*** Begin section ***

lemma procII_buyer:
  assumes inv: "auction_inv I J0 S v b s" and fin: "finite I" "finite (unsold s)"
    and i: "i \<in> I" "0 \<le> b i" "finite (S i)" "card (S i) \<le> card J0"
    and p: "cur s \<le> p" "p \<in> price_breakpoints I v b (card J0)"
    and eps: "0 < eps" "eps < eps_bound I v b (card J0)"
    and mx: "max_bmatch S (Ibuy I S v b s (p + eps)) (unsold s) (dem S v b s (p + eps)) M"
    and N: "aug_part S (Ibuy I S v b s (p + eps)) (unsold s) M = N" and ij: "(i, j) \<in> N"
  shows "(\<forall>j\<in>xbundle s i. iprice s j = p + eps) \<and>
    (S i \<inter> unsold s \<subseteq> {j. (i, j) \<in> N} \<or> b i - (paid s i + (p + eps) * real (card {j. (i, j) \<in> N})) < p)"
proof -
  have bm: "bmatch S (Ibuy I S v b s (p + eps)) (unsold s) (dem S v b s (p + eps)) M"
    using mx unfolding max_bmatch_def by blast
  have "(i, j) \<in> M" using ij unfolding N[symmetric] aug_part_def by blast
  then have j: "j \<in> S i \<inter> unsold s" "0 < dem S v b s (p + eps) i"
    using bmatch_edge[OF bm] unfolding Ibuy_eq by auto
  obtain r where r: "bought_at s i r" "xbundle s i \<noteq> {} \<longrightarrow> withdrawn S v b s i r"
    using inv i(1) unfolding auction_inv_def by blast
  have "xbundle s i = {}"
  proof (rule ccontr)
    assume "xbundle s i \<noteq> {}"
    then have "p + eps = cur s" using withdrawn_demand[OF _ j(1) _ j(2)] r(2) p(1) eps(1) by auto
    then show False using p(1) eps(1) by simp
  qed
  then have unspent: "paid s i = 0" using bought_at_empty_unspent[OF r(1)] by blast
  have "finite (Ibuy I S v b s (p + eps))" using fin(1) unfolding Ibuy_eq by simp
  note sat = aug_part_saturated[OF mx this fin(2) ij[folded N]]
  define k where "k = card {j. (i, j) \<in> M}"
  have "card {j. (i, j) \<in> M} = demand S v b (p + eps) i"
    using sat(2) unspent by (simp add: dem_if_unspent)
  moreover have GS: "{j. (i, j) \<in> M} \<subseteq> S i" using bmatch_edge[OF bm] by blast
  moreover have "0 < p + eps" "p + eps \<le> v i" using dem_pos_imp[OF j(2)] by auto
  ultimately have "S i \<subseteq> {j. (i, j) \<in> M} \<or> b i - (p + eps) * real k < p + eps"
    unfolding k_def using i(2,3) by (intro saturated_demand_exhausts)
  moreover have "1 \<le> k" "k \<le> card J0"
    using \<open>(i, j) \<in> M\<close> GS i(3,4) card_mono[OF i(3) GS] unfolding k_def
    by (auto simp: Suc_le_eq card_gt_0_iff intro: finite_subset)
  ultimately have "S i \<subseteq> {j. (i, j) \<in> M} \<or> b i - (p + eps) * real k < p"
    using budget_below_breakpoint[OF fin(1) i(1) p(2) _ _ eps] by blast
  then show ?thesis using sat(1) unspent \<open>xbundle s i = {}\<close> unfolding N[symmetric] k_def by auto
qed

*** End section ***

* **Description of the task**: Wherever the word "unsold" turns up in the records, copy out the line it is on.

* **Task result**:
  assumes inv: "auction_inv I J0 S v b s" and fin: "finite I" "finite (unsold s)"
    and mx: "max_bmatch S (Ibuy I S v b s (p + eps)) (unsold s) (dem S v b s (p + eps)) M"
    and N: "aug_part S (Ibuy I S v b s (p + eps)) (unsold s) M = N" and ij: "(i, j) \<in> N"
    (S i \<inter> unsold s \<subseteq> {j. (i, j) \<in> N} \<or> b i - (paid s i + (p + eps) * real (card {j. (i, j) \<in> N})) < p)"
  have bm: "bmatch S (Ibuy I S v b s (p + eps)) (unsold s) (dem S v b s (p + eps)) M"
  then have j: "j \<in> S i \<inter> unsold s" "0 < dem S v b s (p + eps) i"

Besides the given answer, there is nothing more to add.